How to Fix Common Accessibility Issues Found by Automated Scanners

AccessibilityAutomated TestingWCAG

# How to Fix Common Accessibility Issues Found by Automated Scanners

You just ran an automated accessibility scan on your website and the report came back with dozens, maybe hundreds, of violations. The list looks overwhelming, but here is the good news: most automated scanners flag the same core set of issues, and every one of them has a straightforward fix. This guide walks you through the most frequently reported violations in the exact order you should tackle them, with code examples you can implement immediately.

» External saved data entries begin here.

text \<open>Approximate \<open>E\<close> from inside by a compact set and then that from outside by a clopen set,
  simultaneously for both measures.\<close>

lemma stone_radon_clopen_approx:
  fixes \<nu>1 \<nu>2 :: "'a::boolean_algebra set measure"
  assumes \<nu>: "\<nu>1 \<in> radon_probs stone_top" "\<nu>2 \<in> radon_probs stone_top"
    and E: "E \<in> sets (borel_of stone_top)" and e: "e > 0"
  shows "\<exists>a::'a. \<bar>measure \<nu>1 E - measure \<nu>1 (stone_set a)\<bar> < e \<and>
                \<bar>measure \<nu>2 E - measure \<nu>2 (stone_set a)\<bar> < e"
proof -
  obtain C1 where C1: "compactin stone_top C1" "C1 \<subseteq> E" "measure \<nu>1 E - e < measure \<nu>1 C1"
    using radon_probs_inner_compact[OF \<nu>(1) _ e] E radon_probs_sets[OF \<nu>(1)] by blast
  obtain C2 where C2: "compactin stone_top C2" "C2 \<subseteq> E" "measure \<nu>2 E - e < measure \<nu>2 C2"
    using radon_probs_inner_compact[OF \<nu>(2) _ e] E radon_probs_sets[OF \<nu>(2)] by blast
  define C where "C = C1 \<union> C2"
  have C: "compactin stone_top C" "C \<subseteq> E" using C1 C2 by (auto simp: C_def compactin_Un)
  have CB: "C \<in> sets (borel_of stone_top)"
    by (rule borel_of_closed[OF compactin_imp_closedin[OF Hausdorff_space_stone_top C(1)]])
  obtain a1 where a1: "C \<subseteq> stone_set a1" "measure \<nu>1 (stone_set a1) < measure \<nu>1 C + e"
    using stone_radon_outer_clopen[OF \<nu>(1) C(1) e] by blast
  obtain a2 where a2: "C \<subseteq> stone_set a2" "measure \<nu>2 (stone_set a2) < measure \<nu>2 C + e"
    using stone_radon_outer_clopen[OF \<nu>(2) C(1) e] by blast
  have "C \<subseteq> stone_set (inf a1 a2)" using a1 a2 by (simp add: stone_set_inf)
  have close: "\<bar>measure \<nu> E - measure \<nu> (stone_set (inf a1 a2))\<bar> < e"
    if "\<nu> \<in> radon_probs stone_top" "measure \<nu> E - e < measure \<nu> C"
      "measure \<nu> (stone_set a') < measure \<nu> C + e" "inf a1 a2 \<le> a'"
    for \<nu> :: "'a set measure" and a'
  proof -
    note mono = radon_probs_measure_mono[OF that(1)]
    have "measure \<nu> C \<le> measure \<nu> (stone_set (inf a1 a2))" "measure \<nu> C \<le> measure \<nu> E"
      "measure \<nu> (stone_set (inf a1 a2)) \<le> measure \<nu> (stone_set a')"
      using mono[OF \<open>C \<subseteq> stone_set (inf a1 a2)\<close> stone_set_in_borel] mono[OF C(2) E]
        mono[OF stone_set_mono[OF that(4)] stone_set_in_borel] by simp_all
    with that(2,3) show ?thesis by linarith
  qed
  have "measure \<nu>1 C1 \<le> measure \<nu>1 C" "measure \<nu>2 C2 \<le> measure \<nu>2 C"
    using radon_probs_measure_mono[OF \<nu>(1) _ CB, of C1] radon_probs_measure_mono[OF \<nu>(2) _ CB, of C2]
    by (simp_all add: C_def)
  with C1(3) C2(3) have "measure \<nu>1 E - e < measure \<nu>1 C" "measure \<nu>2 E - e < measure \<nu>2 C"
    by linarith+
  with close[OF \<nu>(1) _ a1(2) inf_le1] close[OF \<nu>(2) _ a2(2) inf_le2] show ?thesis by blast
qed

lemma stone_radon_measure_diff_le:
  fixes \<nu>1 \<nu>2 :: "'a::boolean_algebra set measure"
  assumes \<nu>: "\<nu>1 \<in> radon_probs stone_top" "\<nu>2 \<in> radon_probs stone_top"
    and d: "\<And>a::'a. \<bar>measure \<nu>1 (stone_set a) - measure \<nu>2 (stone_set a)\<bar> \<le> d"
    and E: "E \<in> sets (borel_of stone_top)"
  shows "\<bar>measure \<nu>1 E - measure \<nu>2 E\<bar> \<le> d"
proof (rule field_le_epsilon)
  fix e :: real assume "0 < e"
  then obtain a :: 'a where "\<bar>measure \<nu>1 E - measure \<nu>1 (stone_set a)\<bar> < e / 2"
      "\<bar>measure \<nu>2 E - measure \<nu>2 (stone_set a)\<bar> < e / 2"
    using stone_radon_clopen_approx[OF \<nu> E, of "e / 2"] by auto
  with d[of a] show "\<bar>measure \<nu>1 E - measure \<nu>2 E\<bar> \<le> d + e" by linarith
qed

lemma stone_radon_eqI:
  fixes \<nu>1 \<nu>2 :: "'a::boolean_algebra set measure"
  assumes \<nu>: "\<nu>1 \<in> radon_probs stone_top" "\<nu>2 \<in> radon_probs stone_top"
    and eq: "\<And>a::'a. measure \<nu>1 (stone_set a) = measure \<nu>2 (stone_set a)"
  shows "\<nu>1 = \<nu>2"
proof (rule measure_eqI)
  show sets: "sets \<nu>1 = sets \<nu>2" by (simp add: radon_probs_sets[OF \<nu>(1)] radon_probs_sets[OF \<nu>(2)])
  fix E assume "E \<in> sets \<nu>1"
  then have "E \<in> sets (borel_of stone_top)" by (simp add: radon_probs_sets[OF \<nu>(1)])
  from stone_radon_measure_diff_le[OF \<nu> _ this, where d = 0] eq
  have "measure \<nu>1 E = measure \<nu>2 E" by simp
  then show "emeasure \<nu>1 E = emeasure \<nu>2 E"
    by (simp add: finite_measure.emeasure_eq_measure[OF prob_space.axioms(1), OF radon_probs_prob_space[OF \<nu>(1)]]
        finite_measure.emeasure_eq_measure[OF prob_space.axioms(1), OF radon_probs_prob_space[OF \<nu>(2)]])
qed

lemma continuous_map_generated_by_locally:
  assumes "f ` topspace X \<subseteq> \<Union>S"
    and "\<And>V x. V \<in> S \<Longrightarrow> x \<in> topspace X \<Longrightarrow> f x \<in> V \<Longrightarrow>
           \<exists>T. openin X T \<and> x \<in> T \<and> (\<forall>y\<in>T. f y \<in> V)"
  shows "continuous_map X (topology_generated_by S) f"
proof (rule continuous_on_generated_topo)
  fix V assume "V \<in> S"
  show "openin X (f -` V \<inter> topspace X)"
  proof (subst openin_subopen, intro ballI)
    fix x assume "x \<in> f -` V \<inter> topspace X"
    with assms(2)[OF \<open>V \<in> S\<close>] obtain T where "openin X T" "x \<in> T" "\<forall>y\<in>T. f y \<in> V" by blast
    moreover from \<open>openin X T\<close> have "T \<subseteq> topspace X" by (rule openin_subset)
    ultimately show "\<exists>T. openin X T \<and> x \<in> T \<and> T \<subseteq> f -` V \<inter> topspace X" by blast
  qed
qed (rule assms(1))

lemma d_var_le:
  assumes "\<And>A B. A \<in> sets \<nu>1 \<Longrightarrow> B \<in> sets \<nu>1 \<Longrightarrow> A \<inter> B = {} \<Longrightarrow>
      \<bar>measure \<nu>1 A - measure \<nu>2 A\<bar> + \<bar>measure \<nu>1 B - measure \<nu>2 B\<bar> \<le> c"
  shows "d_var \<nu>1 \<nu>2 \<le> c"
  unfolding d_var_def
proof (rule cSup_least)
  have "{} \<in> sets \<nu>1" by simp
  then show "{\<bar>measure \<nu>1 A - measure \<nu>2 A\<bar> + \<bar>measure \<nu>1 B - measure \<nu>2 B\<bar> | A B.
      A \<in> sets \<nu>1 \<and> B \<in> sets \<nu>1 \<and> A \<inter> B = {}} \<noteq> {}" by blast
qed (use assms in blast)

lemma d_var_ge:
  assumes "prob_space \<nu>1" "prob_space \<nu>2" "A \<in> sets \<nu>1" "B \<in> sets \<nu>1" "A \<inter> B = {}"
  shows "\<bar>measure \<nu>1 A - measure \<nu>2 A\<bar> + \<bar>measure \<nu>1 B - measure \<nu>2 B\<bar> \<le> d_var \<nu>1 \<nu>2"
  unfolding d_var_def
proof (rule cSup_upper)
  have "\<bar>measure \<nu>1 A' - measure \<nu>2 A'\<bar> + \<bar>measure \<nu>1 B' - measure \<nu>2 B'\<bar> \<le> 2" for A' B'
    using prob_space.prob_le_1[OF assms(1), of A'] prob_space.prob_le_1[OF assms(2), of A']
      prob_space.prob_le_1[OF assms(1), of B'] prob_space.prob_le_1[OF assms(2), of B']
      measure_nonneg[of \<nu>1 A'] measure_nonneg[of \<nu>2 A'] measure_nonneg[of \<nu>1 B'] measure_nonneg[of \<nu>2 B']
    by linarith
  then show "bdd_above {\<bar>measure \<nu>1 A - measure \<nu>2 A\<bar> + \<bar>measure \<nu>1 B - measure \<nu>2 B\<bar> | A B.
      A \<in> sets \<nu>1 \<and> B \<in> sets \<nu>1 \<and> A \<inter> B = {}}"
    by (intro bdd_aboveI[of _ 2]) blast
qed (use assms in blast)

Automated accessibility scanners like AccessGuard, axe-core, and Lighthouse can detect roughly 30-40% of all WCAG 2.1 issues. The issues they catch tend to be the most common and most impactful, which means fixing your scan results is the single highest-leverage accessibility improvement you can make.

Understanding Your Scan Report

Before you start fixing issues, take a moment to understand how scan reports are organized. Most tools categorize violations by severity: critical, serious, moderate, and minor. They also reference specific WCAG 2.1 success criteria, such as 1.1.1 (Non-text Content) or 4.1.2 (Name, Role, Value).

Start with critical and serious violations. These are the issues most likely to completely block users from accessing your content and the ones most likely to trigger legal complaints. Work through moderate and minor issues afterward.

Each violation in your report should include three things: the WCAG rule that was broken, the specific HTML element that failed, and guidance on how to fix it. If your scanner provides element selectors or XPath references, use those to locate the exact code you need to change.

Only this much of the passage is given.